◆ **Your goal**: Among the entries that follow, tally the lines with the string "first". Give no more than the number.

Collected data
<<<<
(* Let $A$ be a $\Bbbk$-algebra which is a domain. For $k=1,\dots,m$ let $\varphi_k$ be algebra automorphisms of $A$ and $\partial_k$ locally nilpotent skew derivations of $A$ with respect to $\varphi_k$, and suppose $\partial_\ell\circ\varphi_k=q_{k\ell}\,\varphi_k\circ\partial_\ell$ for all $1\le k\le\ell\le m$, where $q_{k\ell}\in\Bbbk^\times$ and each $q_{kk}$ is not a root of unity. Then the string map $\nu=\nu_{(\partial_1,\dots,\partial_m)}:A\setminus\{0\}\to\mathbb Z_{\ge0}^m$ is a valuation (with respect to the lexicographic order) satisfying $\nu(ab)=\nu(a)+\nu(b)$ for all nonzero $a,b\in A$.
   Context: A skew derivation with respect to $\varphi$ is a linear map $\partial$ with $\partial(ab)=\partial(a)b+\varphi(a)\partial(b)$. For a locally nilpotent linear map $E$ and $x\ne0$, $\nu_E(x)$ is the largest $n\ge0$ with $E^n(x)\ne0$, and $\lambda_E(x)=E^{\nu_E(x)}(x)$ (up to a nonzero scalar). The string map is defined by $\nu_{(\partial_1,\dots,\partial_m)}(x)=(a_1,\dots,a_m)$ where $x_0=x$, $a_k=\nu_{\partial_k}(x_{k-1})$ and $x_k=\partial_k^{a_k}(x_{k-1})$. The lexicographic order on $\mathbb Z_{\ge0}^m$ compares the first coordinate first. A valuation into an ordered set $C$ means $\nu(cx)=\nu(x)$ for $c\in\Bbbk^\times$ and $\nu(x+y)\le\max(\nu(x),\nu(y))$ when $x+y\ne0$. *)

theory Defs
  imports Main "HOL-Library.List_Lexorder"
begin

text \<open>A \<open>k\<close>-algebra structure on a ring \<open>'a\<close> is given by a central unital ring
  homomorphism \<open>\<iota> : k \<rightarrow> A\<close>; scalar multiplication is \<open>c \<cdot> x = \<iota> c * x\<close>.\<close>

definition k_algebra :: "('k::field \<Rightarrow> 'a::ring_1) \<Rightarrow> bool" where
  "k_algebra \<iota> \<longleftrightarrow> \<iota> 1 = 1 \<and> (\<forall>c d. \<iota> (c + d) = \<iota> c + \<iota> d)
     \<and> (\<forall>c d. \<iota> (c * d) = \<iota> c * \<iota> d) \<and> (\<forall>c x. \<iota> c * x = x * \<iota> c)"

definition k_linear :: "('k::field \<Rightarrow> 'a::ring_1) \<Rightarrow> ('a \<Rightarrow> 'a) \<Rightarrow> bool" where
  "k_linear \<iota> f \<longleftrightarrow> (\<forall>x y. f (x + y) = f x + f y) \<and> (\<forall>c x. f (\<iota> c * x) = \<iota> c * f x)"

definition algebra_automorphism :: "('k::field \<Rightarrow> 'a::ring_1) \<Rightarrow> ('a \<Rightarrow> 'a) \<Rightarrow> bool" where
  "algebra_automorphism \<iota> f \<longleftrightarrow> k_linear \<iota> f \<and> bij f \<and> f 1 = 1 \<and> (\<forall>x y. f (x * y) = f x * f y)"

definition skew_derivation :: "('k::field \<Rightarrow> 'a::ring_1) \<Rightarrow> ('a \<Rightarrow> 'a) \<Rightarrow> ('a \<Rightarrow> 'a) \<Rightarrow> bool" where
  "skew_derivation \<iota> \<phi> D \<longleftrightarrow> k_linear \<iota> D \<and> (\<forall>a b. D (a * b) = D a * b + \<phi> a * D b)"

definition locally_nilpotent :: "('a::zero \<Rightarrow> 'a) \<Rightarrow> bool" where
  "locally_nilpotent E \<longleftrightarrow> (\<forall>x. \<exists>n. (E ^^ n) x = 0)"

definition root_of_unity :: "'k::field \<Rightarrow> bool" where
  "root_of_unity q \<longleftrightarrow> (\<exists>n>0. q ^ n = 1)"

definition nu_E :: "('a::zero \<Rightarrow> 'a) \<Rightarrow> 'a \<Rightarrow> nat" where
  "nu_E E x = (GREATEST n. (E ^^ n) x \<noteq> 0)"

fun string_map :: "('a::zero \<Rightarrow> 'a) list \<Rightarrow> 'a \<Rightarrow> nat list" where
  "string_map [] x = []"
| "string_map (E # Es) x = nu_E E x # string_map Es ((E ^^ nu_E E x) x)"

definition vec_add :: "nat list \<Rightarrow> nat list \<Rightarrow> nat list" where
  "vec_add u v = map2 (+) u v"

end

theory Submission
  imports Defs
begin

(* For the valuation property, look at the first operator \<partial>: the exponent \<nu>_\<partial> of a sum is
   at most the larger of the two exponents, and if they differ the sum inherits the leading term
   \<partial>^\<nu>(x) of the dominant summand; if they agree and do not drop, the leading term of x + y is
   the sum of the leading terms and the remaining coordinates are compared recursively.

   For multiplicativity, the q-Leibniz rule
     \<partial>^n(ab) = \<Sum>_j [n, j]_q \<phi>^j(\<partial>^(n-j) a) \<partial>^j b
   shows for r = \<nu>_\<partial>(a), s = \<nu>_\<partial>(b) that \<partial>^(r+s+1)(ab) = 0 while only the term j = s survives in
   \<partial>^(r+s)(ab). The Gaussian binomial [r+s, s]_q is nonzero since q is not a root of unity, so in
   the domain A the leading term of ab is c \<phi>^s(\<partial>^r a) \<cdot> \<partial>^s b with c \<noteq> 0. The later operators
   \<partial>_l q-commute with \<phi>_k, so the twist y \<mapsto> c \<phi>_k^s(y) does not change their strings, and
   induction over the list of operators finishes. *)

lemma funpow_fixes_zero:
  fixes E :: "'a::zero \<Rightarrow> 'a"
  assumes "E 0 = 0"
  shows "(E ^^ n) 0 = 0"
  using assms by (induction n) auto

lemma funpow_eq_zero_iff_if_inj:
  fixes f :: "'a::zero \<Rightarrow> 'a"
  assumes "inj f" and "f 0 = 0"
  shows "(f ^^ n) x = 0 \<longleftrightarrow> x = 0"
  using inj_eq[OF inj_fn[OF assms(1), of n]] funpow_fixes_zero[of f, OF assms(2)] by metis

lemma funpow_eq_zero_mono:
  fixes E :: "'a::zero \<Rightarrow> 'a"
  assumes "E 0 = 0" and "(E ^^ n) x = 0" and "n \<le> k"
  shows "(E ^^ k) x = 0"
proof -
  have "(E ^^ k) x = (E ^^ (k - n)) ((E ^^ n) x)"
    using \<open>n \<le> k\<close> by (metis comp_apply funpow_add le_add_diff_inverse2)
  with assms show ?thesis by (simp add: funpow_fixes_zero)
qed

lemma nu_E_eqI:
  fixes E :: "'a::zero \<Rightarrow> 'a"
  assumes "E 0 = 0" and "(E ^^ n) x \<noteq> 0" and "(E ^^ Suc n) x = 0"
  shows "nu_E E x = n"
  unfolding nu_E_def
proof (rule Greatest_equality)
  show "y \<le> n" if "(E ^^ y) x \<noteq> 0" for y
    using that funpow_eq_zero_mono[OF assms(1,3), of y] by (meson not_less_eq_eq)
qed fact

context
  fixes E :: "'a::zero \<Rightarrow> 'a"
  assumes E0: "E 0 = 0" and nilpotent: "locally_nilpotent E"
begin

lemma funpow_neq_zero_bounded: "\<exists>N. \<forall>n. (E ^^ n) x \<noteq> 0 \<longrightarrow> n \<le> N"
proof -
  obtain N where "(E ^^ N) x = 0"
    using nilpotent unfolding locally_nilpotent_def by blast
  then show ?thesis
    using funpow_eq_zero_mono[of E, OF E0] by (meson nat_le_linear)
qed

lemma funpow_nu_E_neq_zero: "x \<noteq> 0 \<Longrightarrow> (E ^^ nu_E E x) x \<noteq> 0"
  unfolding nu_E_def
  using funpow_neq_zero_bounded[of x] GreatestI_ex_nat[of "\<lambda>n. (E ^^ n) x \<noteq> 0"]
  by (metis funpow_0)

lemma funpow_eq_zero_if_nu_E_less: "nu_E E x < n \<Longrightarrow> (E ^^ n) x = 0"
  unfolding nu_E_def
  using funpow_neq_zero_bounded[of x] Greatest_le_nat[of "\<lambda>n. (E ^^ n) x \<noteq> 0" n]
  by (meson not_le)

lemma nu_E_le_if_funpow_eq_zero: "x \<noteq> 0 \<Longrightarrow> (E ^^ Suc n) x = 0 \<Longrightarrow> nu_E E x \<le> n"
  using funpow_nu_E_neq_zero funpow_eq_zero_mono[of E, OF E0] by (meson not_less_eq_eq)

end

lemma additive_zero:
  fixes E :: "'a::ab_group_add \<Rightarrow> 'a"
  assumes "\<forall>x y. E (x + y) = E x + E y"
  shows "E 0 = 0"
  using assms by (metis add_cancel_right_right)

lemma funpow_additive:
  fixes E :: "'a::ab_group_add \<Rightarrow> 'a"
  assumes "\<forall>x y. E (x + y) = E x + E y"
  shows "(E ^^ n) (x + y) = (E ^^ n) x + (E ^^ n) y"
  by (induction n) (simp_all add: assms)

context
  fixes E :: "'a::ab_group_add \<Rightarrow> 'a"
  assumes additive: "\<forall>x y. E (x + y) = E x + E y" and nilpotent: "locally_nilpotent E"
begin

lemma nu_E_add_le_max:
  assumes "x + y \<noteq> 0"
  shows "nu_E E (x + y) \<le> max (nu_E E x) (nu_E E y)"
proof (rule nu_E_le_if_funpow_eq_zero[OF additive_zero[OF additive] nilpotent assms])
  let ?n = "Suc (max (nu_E E x) (nu_E E y))"
  have "(E ^^ ?n) x = 0" and "(E ^^ ?n) y = 0"
    by (rule funpow_eq_zero_if_nu_E_less[OF additive_zero[OF additive] nilpotent]; simp)+
  then show "(E ^^ ?n) (x + y) = 0"
    by (simp only: funpow_additive[OF additive] add_0)
qed

lemma nu_E_add_less:
  assumes "y \<noteq> 0" and "nu_E E x < nu_E E y"
  shows "nu_E E (x + y) = nu_E E y" and "(E ^^ nu_E E y) (x + y) = (E ^^ nu_E E y) y"
proof -
  note vanish = funpow_eq_zero_if_nu_E_less[OF additive_zero[OF additive] nilpotent]
  show leading: "(E ^^ nu_E E y) (x + y) = (E ^^ nu_E E y) y"
    using assms(2) by (simp add: funpow_additive[OF additive] vanish)
  have "(E ^^ Suc (nu_E E y)) x = 0" and "(E ^^ Suc (nu_E E y)) y = 0"
    by (rule vanish; use assms(2) in simp)+
  then show "nu_E E (x + y) = nu_E E y"
    using leading funpow_nu_E_neq_zero[OF additive_zero[OF additive] nilpotent assms(1)]
    by (intro nu_E_eqI[of E, OF additive_zero[OF additive]])
      (simp_all add: funpow_additive[OF additive] del: funpow.simps)
qed

end

lemma max_Cons_same: "max (a # u) (a # v) = a # max u (v::'b::linorder list)"
  by (auto simp: max_def)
>>>>
◆ **Task response**: 2